Several approaches have been used to evaluate screening programmes. Intention-to-screen (ITS) compares the study group with the control group, per-protocol (PP) compares the participants in the study group with the control group, and in the “post hoc” approach, after introducing screening for everyone, the only option is to compare participants versus non-participants. Post hoc evaluations lack a control group. Comparisons can be made as a factor (eg. Relative Risk, Rate Ratio, or Incidence Rate Ratio) or as respective difference measures (eg. Risk Difference, Rate Difference). The self-selection issue pertains to all of the study designs for screening evaluation. We here discuss four suggested methods1–4 to quantify and correct for the bias introduced by each of these approaches. To our knowledge, this is the first attempt to present an overview of these approaches for all relevant situations.
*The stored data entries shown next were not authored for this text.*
text \<open>Restriction to Y only sees B0; the constructions R of the other blocks pass
  unchanged into the trace and are fixed by the continuation, since W \<union> Y meets
  two different blocks for W \<in> R.\<close>
lemma splits_at_disconn_step:
  assumes hg: "hypergraph H" and at: "atomic H"
    and fin: "finest_hyp_partition H P" and card: "card P \<ge> 2"
    and con: "\<And>B. B \<in> P \<Longrightarrow> construction B (f B)"
    and B0: "B0 \<in> P" and sat0: "saturated B0" and Y: "Y \<in> f B0"
    and IH: "splits_at B0 (f B0) Y"
  shows "splits_at H (\<Union>B\<in>P. f B) Y"
proof -
  define R where "R = (\<Union>B\<in>P-{B0}. f B)"
  define Z0 where "Z0 = \<Union>B0 - Y"
  have hp: "hyp_partition H P" using fin unfolding finest_hyp_partition_def by simp
  have Ysub: "Y \<noteq> {}" "Y \<subseteq> \<Union>B0" using construction_member[OF con[OF B0] Y] by auto
  have L: "(\<Union>B\<in>P. f B) = f B0 \<union> R" unfolding R_def using B0 by blast
  have R_mem: "W \<noteq> {} \<and> W \<subseteq> \<Union>B \<and> \<Union>B \<inter> \<Union>B0 = {}"
    if "B \<in> P" "B \<noteq> B0" "W \<in> f B" for B W
    using construction_member[OF con[OF that(1)] that(3)]
      hyp_partition_disjoint_carriers[OF hp that(1) B0 that(2)] by blast
  have R_outside: "W \<noteq> {} \<and> W \<subseteq> \<Union>H - Y \<and> \<not> W \<subseteq> Y" if "W \<in> R" for W
  proof -
    obtain B where B: "B \<in> P" "B \<noteq> B0" "W \<in> f B" using \<open>W \<in> R\<close> unfolding R_def by blast
    have "\<Union>B \<subseteq> \<Union>H" using block_subset[OF hp B(1)] by blast
    then show ?thesis using R_mem[OF B] Ysub by blast
  qed
  have restr_L: "restr (\<Union>B\<in>P. f B) Y = restr (f B0) Y"
    using R_outside unfolding L restr_def by blast
  have trace_L: "trace (\<Union>H - Y) (\<Union>B\<in>P. f B) = trace Z0 (f B0) \<union> R"
  proof -
    have "trace (\<Union>H - Y) (f B0) = trace Z0 (f B0)"
      unfolding Z0_def by (rule trace_cong)
        (use construction_member[OF con[OF B0]] block_subset[OF hp B0] in blast)
    moreover have "trace (\<Union>H - Y) R = R" using R_outside by (intro trace_id) blast
    ultimately show ?thesis unfolding L trace_Un by simp
  qed
  have "continuation H Y (restr (f B0) Y) (trace Z0 (f B0)) = f B0"
  proof -
    have "(X \<union> Y) \<inter> \<Union>B0 \<noteq> {}" for X using Ysub by blast
    then have "hunion H X Y = hunion B0 X Y" if "X \<in> trace Z0 (f B0)" for X
      by (rule hunion_block[OF hp B0])
    then have "continuation H Y (restr (f B0) Y) (trace Z0 (f B0))
             = continuation B0 Y (restr (f B0) Y) (trace Z0 (f B0))"
      by (rule continuation_cong)
    also have "\<dots> = f B0" using IH unfolding splits_at_def Z0_def by blast
    finally show ?thesis .
  qed
  moreover have "hunion H W Y = W" if "W \<in> R" for W
  proof -
    obtain B where B: "B \<in> P" "B \<noteq> B0" "W \<in> f B" using \<open>W \<in> R\<close> unfolding R_def by blast
    then have "(W \<union> Y) \<inter> \<Union>B \<noteq> {}" using R_mem[OF B] by blast
    then have "hunion H W Y = hunion B W Y" using hunion_block[OF hp B(1)] by blast
    moreover have "W \<union> Y \<notin> B" using R_mem[OF B] Ysub by blast
    ultimately show ?thesis unfolding hunion_def by simp
  qed
  ultimately have "continuation H Y (restr (f B0) Y) (trace Z0 (f B0) \<union> R) = f B0 \<union> R"
    by (simp add: continuation_Un)
  moreover have "construction (trace (\<Union>H - Y) H) (trace Z0 (f B0) \<union> R)"
    using construction_trace_disconn[OF hg at fin card con B0 sat0 Ysub(2)] IH
    unfolding splits_at_def Z0_def R_def by blast
  moreover have "restr H Y = restr B0 Y" using restr_block[OF hg hp B0 Ysub(2)] .
  ultimately show ?thesis
    using IH unfolding splits_at_def restr_L trace_L L[symmetric] by simp
qed

lemma construction_splits_at:
  assumes "construction H L" "saturated H" "Y \<in> L"
  shows "splits_at H L Y"
  using assms
proof (induction arbitrary: Y rule: construction.induct)
  case empty
  then show ?case by simp
next
  case (conn H x K)
  show ?case
  proof (cases "Y = \<Union>H")
    case True
    then show ?thesis using splits_at_carrier construction.conn[OF conn.hyps] by simp
  next
    case False
    then have "Y \<in> K" using conn.prems(2) by simp
    moreover have "saturated (restr H (\<Union>H - {x}))" using saturated_restr conn.prems(1) .
    ultimately have "splits_at (restr H (\<Union>H - {x})) K Y" using conn.IH by blast
    then show ?thesis
      using splits_at_conn_step[OF conn.hyps(1,2) conn.prems(1) conn.hyps(4-6) \<open>Y \<in> K\<close>] by blast
  qed
next
  case (disconn H P f)
  obtain B0 where B0: "B0 \<in> P" "Y \<in> f B0" using disconn.prems(2) by blast
  have "saturated B0"
    using saturated_block disconn.hyps(4) B0(1) disconn.prems(1)
    unfolding finest_hyp_partition_def by blast
  then have "splits_at B0 (f B0) Y" using disconn.IH B0 by blast
  moreover have "construction B (f B)" if "B \<in> P" for B using disconn.IH that by blast
  ultimately show ?case
    using splits_at_disconn_step[OF disconn.hyps(1,2,4,5)] B0 \<open>saturated B0\<close> by blast
qed

theorem proposition7p8:
  fixes H L :: "'a set set" and Y Z :: "'a set"
  assumes "ASC H"
    and "construction H L"
    and "Y \<in> L"
    and "Z = \<Union>H - Y"
  shows "construction (restr H Y) (restr L Y)
       \<and> construction (trace Z H) (trace Z L)
       \<and> continuation H Y (restr L Y) (trace Z L) = L
       \<and> (\<forall>K J. construction (restr H Y) K \<and> construction (trace Z H) J
                 \<and> continuation H Y K J = L \<longrightarrow> K = restr L Y \<and> J = trace Z L)"
proof -
  have "splits_at H L Y"
    using construction_splits_at[OF assms(2) _ assms(3)] assms(1) unfolding ASC_def by blast
  moreover have "K = restr L Y \<and> J = trace Z L"
    if K: "construction (restr H Y) K" and J: "construction (trace Z H) J"
      and KJ: "continuation H Y K J = L" for K J
  proof -
    have K_in: "W \<subseteq> Y" if "W \<in> K" for W
      using construction_member[OF K that] unfolding restr_def by blast
    have J_in: "X \<noteq> {} \<and> X \<subseteq> Z" if "X \<in> J" for X
      using construction_member[OF J that] unfolding trace_def by blast
    have "Y \<inter> Z = {}" using assms(4) by blast
    from continuation_determines_parts[where K = K and J = J and Y = Y and Z = Z and H = H,
        OF K_in J_in this] show ?thesis
      unfolding KJ by simp
  qed
  ultimately show ?thesis unfolding splits_at_def assms(4) by blast
qed

end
We used as an example Neuroblastoma screening in Germany, tested in a large scale controlled study.15–17 Participation was voluntary and, based on the result, neuroblastoma screening was not introduced into the German early childhood examination programme. The effect of screening on advanced stage incidence and mortality was negligible, while overdiagnosis was considerable. A study in Canada with a similar design came to the same conclusion for younger children. 18
Methods
We deal here with a screening programme evaluation, where outcome measures are known for the study group, the participants in the study group and ideally a control group. The fraction of attendance in the study group is also known. The outcome in the non-participants is either known or can be derived. We assume no or negligible attendance in the control group. The common approaches for evaluation (ITS, PP, post hoc) are potentially biased due to participant self-selection.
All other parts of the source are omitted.